Unemployment numbers bring more bad news for Las Vegas recovery
September 3, 2011 - 12:59 am
Employers stopped adding jobs in August, an alarming setback for an economy that has struggled to grow and might be at risk of another recession.
The government also reported that the unemployment rate remained at 9.1 percent. It was the weakest jobs report since September 2010, and it portends weak job growth in Southern Nevada.
"There is no silver lining in this one," said Steve Blitz, senior economist at ITG Investment Research. "It is difficult to walk away from these numbers without the conclusion that the economy is simply grinding to a halt."
The private sector, including the leisure and hospitality industry, added jobs nationwide, said Steve Brown, director of the Center for Business and Economic Research at the University of Nevada, Las Vegas. But cuts in government jobs canceled out new hires elsewhere for a flat report overall. Brown said he expects state jobless numbers to look similar when released on Sept. 16.
Nevada's jobs base has continued to shrink year over year. The state Department of Employment, Training and Rehabilitation reported a 0.5 percent annual decline in jobs statewide in July.
"From the lows we saw during the recession, we have not seen any material gains overall, so we're continuing to climb out of a very big hole," said Brian Gordon, a principal with the Las Vegas consulting and research firm Applied Analysis. "The recovery cycle is elongated and will be measured in years and not months, so we have a lot of work to do in terms of the overall job market.''
In fact, it's not clear that Las Vegas ever emerged from recession.
Sure, there are positive signs in pockets of the local economy. Sectors including leisure and hospitality, business services, education and health care are posting job gains. Taxable sales, average daily room rates and visitor volumes have improved in recent months.
"But I'm not sure I'd say we have a recovery," Brown said. "I'd say we have the elements of a recovery. It's not something that seems to be extending to all areas of the economy, and the areas that are doing well aren't doing well enough, at least in terms of employment, to offset losses elsewhere."
Nor do local observers see a lifeline for Nevada's unemployment woes.
Recessions spurred by financial crises last longer than downturns from other causes, Brown said. The United States -- and Nevada -- could see two more years of flat job markets before hiring turns upward noticeably.
Total payrolls across the nation were unchanged in August, the first time since 1945 that the government has reported a net job change of zero.
Fears that the United States will slip back into recession have been rising since the government reported that the economy barely grew in the first half of the year. Consumer and business confidence has been sapped by the political standoff over the federal debt limit, a downgrade in the U.S. government's credit rating and a debt crisis in Europe.
Brown said he doesn't expect a double-dip recession. He predicted that the nation's economy would expand fairly quickly in the fourth quarter. That would be good news for Las Vegas, where the tourism sector has managed to expand throughout 2011 despite a stalled national economy, Brown said.
Stronger tourism will only help so much, as jobs in construction and the public sector keep sliding, Gordon said.
"Performance measures within the (leisure and hospitality) sector are up, and the sector is reporting job growth," he said. "The ripple effect of those investments will ultimately pay dividends for Southern Nevada.

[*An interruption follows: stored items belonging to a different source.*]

lemma finite_V: "finite V"
  and edge_in_V: "E u v \<Longrightarrow> u \<in> V" "E u v \<Longrightarrow> v \<in> V"
  and edge_sym: "E u v \<Longrightarrow> E v u"
  and edge_irrefl: "\<not> E v v"
  using simple_graph unfolding simple_graph_def by simp_all

lemma finite_neighbours: "finite (neighbours V E v)"
  using finite_V unfolding neighbours_def by simp

lemma neighbours_subset_V: "neighbours V E v \<subseteq> V"
  unfolding neighbours_def by auto

lemma mem_neighbours_iff: "u \<in> neighbours V E v \<longleftrightarrow> E v u"
  unfolding neighbours_def using edge_in_V by auto

lemma card_neighbours: "v \<in> V \<Longrightarrow> card (neighbours V E v) = k"
  using regular unfolding regular_def by blast

lemma neighbours_eq_if_subset:
  assumes "u \<in> V" "v \<in> V" "neighbours V E u \<subseteq> neighbours V E v"
  shows "neighbours V E u = neighbours V E v"
  using card_subset_eq[OF finite_neighbours assms(3)] card_neighbours assms(1,2) by simp

end

locale regular_graph_vertex = regular_graph +
  fixes x :: 'a
  assumes x_in_V: "x \<in> V"
begin

abbreviation N :: "'a set" where
  "N \<equiv> neighbours V E x"

lemma finite_N: "finite N" and card_N: "card N = k"
  using finite_neighbours card_neighbours[OF x_in_V] by auto

definition inner_non_neighbours :: "'a \<Rightarrow> 'a set" where
  "inner_non_neighbours a = {b \<in> N. b \<noteq> a \<and> \<not> E a b}"

definition outer_non_neighbours :: "'a \<Rightarrow> 'a set" where
  "outer_non_neighbours a = {c \<in> V - N. c \<noteq> x \<and> \<not> E a c}"

definition cotriangle_pairs :: "'a \<Rightarrow> ('a \<times> 'a) set" where
  "cotriangle_pairs a =
     {(b, c). b \<in> inner_non_neighbours a \<and> c \<in> outer_non_neighbours a \<and> \<not> E b c}"

lemma finite_cotriangle_pairs: "finite (cotriangle_pairs a)"
proof -
  have "cotriangle_pairs a \<subseteq> N \<times> V"
    unfolding cotriangle_pairs_def inner_non_neighbours_def outer_non_neighbours_def by auto
  then show ?thesis
    using finite_subset finite_N finite_V by blast
qed

lemma card_cotriangle_pairs_le_product:
  "card (cotriangle_pairs a) \<le> card (inner_non_neighbours a) * card (outer_non_neighbours a)"
proof -
  have "cotriangle_pairs a \<subseteq> inner_non_neighbours a \<times> outer_non_neighbours a"
    unfolding cotriangle_pairs_def by auto
  moreover have "finite (inner_non_neighbours a \<times> outer_non_neighbours a)"
    using finite_N finite_V unfolding inner_non_neighbours_def outer_non_neighbours_def by simp
  ultimately show ?thesis
    by (metis card_mono card_cartesian_product)
qed

lemma card_inner_non_neighbours:
  assumes "a \<in> N"
  shows "card (inner_non_neighbours a) + card (N \<inter> neighbours V E a) = k - 1"
proof -
  have "N - {a} = inner_non_neighbours a \<union> (N \<inter> neighbours V E a)"
    and disjoint: "inner_non_neighbours a \<inter> (N \<inter> neighbours V E a) = {}"
    unfolding inner_non_neighbours_def using mem_neighbours_iff edge_irrefl by auto
  moreover have "card (N - {a}) = k - 1"
    using assms finite_N card_N by simp
  moreover have "finite (inner_non_neighbours a)"
    using finite_N unfolding inner_non_neighbours_def by simp
  ultimately show ?thesis
    using card_Un_disjoint[OF _ _ disjoint] finite_N by simp
qed

lemma card_outer_non_neighbours:
  assumes "a \<in> N"
  shows "card (outer_non_neighbours a) + 2 * k = card V + card (N \<inter> neighbours V E a)"
proof -
  let ?Na = "neighbours V E a"
  have "E a x"
    using assms edge_sym mem_neighbours_iff by blast
  then have "V = outer_non_neighbours a \<union> N \<union> (?Na - N)"
    using x_in_V neighbours_subset_V mem_neighbours_iff
    unfolding outer_non_neighbours_def by blast
  moreover have "outer_non_neighbours a \<inter> N = {}" "(outer_non_neighbours a \<union> N) \<inter> (?Na - N) = {}"
    unfolding outer_non_neighbours_def using mem_neighbours_iff by auto
  moreover have "finite (outer_non_neighbours a)"
    using finite_V unfolding outer_non_neighbours_def by simp
  ultimately have "card V = card (outer_non_neighbours a) + k + card (?Na - N)"
    using card_Un_disjoint finite_N card_N finite_neighbours by (metis finite_Diff finite_Un)
  moreover have "card ?Na = card (?Na - N) + card (N \<inter> ?Na)"
    using card_Int_Diff[OF finite_neighbours, where B = N] by (simp add: Int_commute)
  ultimately show ?thesis
    using card_neighbours[OF neighbours_subset_V[THEN subsetD, OF assms]] by linarith
qed

definition inner_adj_cotriangles :: "'a set set" where
  "inner_adj_cotriangles = {T \<in> adj_cotriangles V E x. T \<subseteq> N}"

definition mixed_adj_cotriangles :: "'a set set" where
  "mixed_adj_cotriangles = adj_cotriangles V E x - inner_adj_cotriangles"

lemma finite_adj_cotriangles: "finite (adj_cotriangles V E x)"
proof -
  have "adj_cotriangles V E x \<subseteq> Pow V"
    unfolding adj_cotriangles_def cotriangle_def by auto
  then show ?thesis
    using finite_V finite_subset by blast
qed

lemma card_adj_cotriangles_split:
  "card (adj_cotriangles V E x) = card inner_adj_cotriangles + card mixed_adj_cotriangles"
  using finite_adj_cotriangles card_Diff_subset[of inner_adj_cotriangles "adj_cotriangles V E x"]
    card_mono[of "adj_cotriangles V E x" inner_adj_cotriangles]
  unfolding mixed_adj_cotriangles_def inner_adj_cotriangles_def by auto

lemma card_inner_adj_cotriangles_le: "card inner_adj_cotriangles \<le> k choose 3"
proof -
  have "inner_adj_cotriangles \<subseteq> {T. T \<subseteq> N \<and> card T = 3}"
    unfolding inner_adj_cotriangles_def adj_cotriangles_def cotriangle_def by auto
  then have "card inner_adj_cotriangles \<le> card {T. T \<subseteq> N \<and> card T = 3}"
    using finite_N by (intro card_mono) auto
  then show ?thesis
    using n_subsets[OF finite_N] card_N by simp
qed

lemma mixed_adj_cotriangle_shape:
  assumes "T \<in> mixed_adj_cotriangles"
  obtains a b c where "T = {a, b, c}" "a \<noteq> b" "a \<in> N" "b \<in> N"
    "(b, c) \<in> cotriangle_pairs a" "(a, c) \<in> cotriangle_pairs b"
proof -
  have T: "cotriangle V E T" "2 \<le> card {t \<in> T. E x t}" "\<not> T \<subseteq> N"
    using assms
    unfolding mixed_adj_cotriangles_def inner_adj_cotriangles_def adj_cotriangles_def adj_cotriangle_def
    by auto
  then have "finite T"
    unfolding cotriangle_def by (metis card.infinite zero_neq_numeral)
  have "{t \<in> T. E x t} = T \<inter> N"
    using mem_neighbours_iff by auto
  with T(2) \<open>finite T\<close> obtain a b where ab: "a \<in> T \<inter> N" "b \<in> T \<inter> N" "a \<noteq> b"
    by (metis card_le_Suc0_iff_eq finite_Int not_less_eq_eq numeral_2_eq_2)
  obtain c where c: "c \<in> T" "c \<notin> N"
    using T(3) by auto
  have indep: "T \<subseteq> V" "card T = 3" "\<forall>u \<in> T. \<forall>v \<in> T. \<not> E u v"
    using T(1) unfolding cotriangle_def by auto
  then have "c \<noteq> x"
    using ab c by (auto simp: mem_neighbours_iff)
  have "c \<noteq> a" "c \<noteq> b"
    using ab c by auto
  then have "card {a, b, c} = card T"
    using indep(2) ab by simp
  then have "T = {a, b, c}"
    using ab c \<open>finite T\<close> by (intro card_subset_eq[symmetric]) auto
  moreover have "(b, c) \<in> cotriangle_pairs a" "(a, c) \<in> cotriangle_pairs b"
    using ab c indep \<open>c \<noteq> x\<close>
    unfolding cotriangle_pairs_def inner_non_neighbours_def outer_non_neighbours_def by auto
  ultimately show ?thesis
    using that ab by blast
qed

lemma double_card_mixed_adj_cotriangles_le:
  "2 * card mixed_adj_cotriangles \<le> (\<Sum>a\<in>N. card (cotriangle_pairs a))"
proof -
  define S where "S = Sigma N cotriangle_pairs"
  define fibre where "fibre T = {(a, b, c) \<in> S. {a, b, c} = T}" for T
  have "finite S"
    using finite_N finite_cotriangle_pairs unfolding S_def by simp
  have finite_fibre: "finite (fibre T)" for T
    by (rule finite_subset[OF _ \<open>finite S\<close>]) (auto simp: fibre_def)
  have two_le_fibre: "2 \<le> card (fibre T)" if T: "T \<in> mixed_adj_cotriangles" for T
  proof -
    obtain a b c where "T = {a, b, c}" "a \<noteq> b" "a \<in> N" "b \<in> N"
      "(b, c) \<in> cotriangle_pairs a" "(a, c) \<in> cotriangle_pairs b"
      using mixed_adj_cotriangle_shape[OF T] .
    then have "{(a, b, c), (b, a, c)} \<subseteq> fibre T"
      unfolding fibre_def S_def by auto
    then have "card {(a, b, c), (b, a, c)} \<le> card (fibre T)"
      using finite_fibre by (rule card_mono[rotated])
    then show ?thesis
      using \<open>a \<noteq> b\<close> by simp
  qed
  have "finite mixed_adj_cotriangles"
    using finite_adj_cotriangles unfolding mixed_adj_cotriangles_def by simp
  have "2 * card mixed_adj_cotriangles = (\<Sum>T\<in>mixed_adj_cotriangles. 2)"
    by simp
  also have "\<dots> \<le> (\<Sum>T\<in>mixed_adj_cotriangles. card (fibre T))"
    using two_le_fibre by (rule sum_mono)
  also have "\<dots> = card (\<Union>T\<in>mixed_adj_cotriangles. fibre T)"
    using \<open>finite mixed_adj_cotriangles\<close> finite_fibre
    by (intro card_UN_disjoint[symmetric]) (auto simp: fibre_def)
  also have "\<dots> \<le> card S"
    using \<open>finite S\<close> by (intro card_mono) (auto simp: fibre_def)
  also have "\<dots> = (\<Sum>a\<in>N. card (cotriangle_pairs a))"
    unfolding S_def using finite_N finite_cotriangle_pairs by simp
  finally show ?thesis .
qed

context
  assumes order_ge: "3 * k \<le> card V"
begin

lemma card_non_neighbours_product:
  assumes "a \<in> N"
  shows "card (inner_non_neighbours a) * card (outer_non_neighbours a) \<le> (k - 1) * (card V - 2 * k)"
    and "card (inner_non_neighbours a) * card (outer_non_neighbours a) = (k - 1) * (card V - 2 * k)
           \<Longrightarrow> N \<inter> neighbours V E a = {}"
proof -
  define p where "p = card (inner_non_neighbours a)"
  define d where "d = card (N \<inter> neighbours V E a)"
  define r where "r = card V - 2 * k"
  have "k \<ge> 1"
    using assms card_N by (metis One_nat_def card_gt_0_iff empty_iff finite_N Suc_leI)
  then have "p < r" and "k - 1 = p + d"
    using card_inner_non_neighbours[OF assms] order_ge unfolding p_def d_def r_def by linarith+
  moreover have "card (outer_non_neighbours a) = r + d"
    using card_outer_non_neighbours[OF assms] order_ge unfolding d_def r_def by linarith
  ultimately show "p * card (outer_non_neighbours a) \<le> (k - 1) * r"
    and "p * card (outer_non_neighbours a) = (k - 1) * r \<Longrightarrow> N \<inter> neighbours V E a = {}"
    using mult_add_le_add_mult[of p r d] mult_add_eq_add_mult_imp_eq_0[of p r d] finite_N
    unfolding d_def by (simp_all add: le_less)
qed

lemma card_cotriangle_pairs_le:
  "a \<in> N \<Longrightarrow> card (cotriangle_pairs a) \<le> (k - 1) * (card V - 2 * k)"
  using card_cotriangle_pairs_le_product card_non_neighbours_product(1) by (meson le_trans)

lemma cotriangle_pairs_full:
  assumes "a \<in> N" and "card (cotriangle_pairs a) = (k - 1) * (card V - 2 * k)"
  shows "cotriangle_pairs a = inner_non_neighbours a \<times> outer_non_neighbours a"
    and "N \<inter> neighbours V E a = {}"
proof -
  have product: "card (inner_non_neighbours a) * card (outer_non_neighbours a) = card (cotriangle_pairs a)"
    using card_cotriangle_pairs_le_product card_non_neighbours_product(1)[OF assms(1)] assms(2)
    by (metis le_antisym)
  then show "N \<inter> neighbours V E a = {}"
    using card_non_neighbours_product(2)[OF assms(1)] assms(2) by simp
  have "finite (inner_non_neighbours a \<times> outer_non_neighbours a)"
    using finite_N finite_V unfolding inner_non_neighbours_def outer_non_neighbours_def by simp
  moreover have "cotriangle_pairs a \<subseteq> inner_non_neighbours a \<times> outer_non_neighbours a"
    unfolding cotriangle_pairs_def by auto
  ultimately show "cotriangle_pairs a = inner_non_neighbours a \<times> outer_non_neighbours a"
    using product by (metis card_subset_eq card_cartesian_product)
qed

lemma sum_cotriangle_pairs_bound:
  "(\<Sum>a\<in>N. (k - 1) * (card V - 2 * k)) = 2 * ((k choose 2) * (card V - 2 * k))"
  using card_N two_times_choose_two[of k] by (simp add: mult.assoc)

lemma sum_card_cotriangle_pairs_le:
  "(\<Sum>a\<in>N. card (cotriangle_pairs a)) \<le> 2 * ((k choose 2) * (card V - 2 * k))"
proof -
  have "(\<Sum>a\<in>N. card (cotriangle_pairs a)) \<le> (\<Sum>a\<in>N. (k - 1) * (card V - 2 * k))"
    using card_cotriangle_pairs_le by (rule sum_mono)
  then show ?thesis
    unfolding sum_cotriangle_pairs_bound .
qed

lemma card_mixed_adj_cotriangles_le: "card mixed_adj_cotriangles \<le> (k choose 2) * (card V - 2 * k)"
  using double_card_mixed_adj_cotriangles_le sum_card_cotriangle_pairs_le by linarith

But diversification of the employment base, which is a much longer-term prospect, will be required to expand the economy in other areas."
National job growth was sputtering before it stalled last month. The economy produced an average 166,000 a month in the first quarter, 105,000 a month in the second quarter and 28,000 a month in the third quarter, said John Silvia, chief economist at Wells Fargo.
The job numbers for August will put more pressure on the Federal Reserve, President Barack Obama and Congress to find ways to stimulate the economy. Fed Chairman Ben Bernanke has been reluctant to try a third round of bond purchases to jolt the economy by further lowering long-term interest rates.
Obama next week will address a joint session of Congress to introduce a plan for creating jobs. But House Republicans have resisted more stimulus spending.
The economy needs to add roughly 250,000 jobs a month to rapidly bring down the unemployment rate, which has been above 9 percent in all but two months since May 2009.
In August, the private sector added 17,000 jobs, the fewest since February 2010. That compares with 156,000 in July and 75,000 in June.
"The stagnation in U.S. payroll employment is an ominous sign," said Paul Ashworth, an economist at Capital Economics. "The broad message is that even if the U.S. economy doesn't start to contract again, any expansion is going to be very, very modest and fall well short of what would be needed to drive the still elevated unemployment rate lower."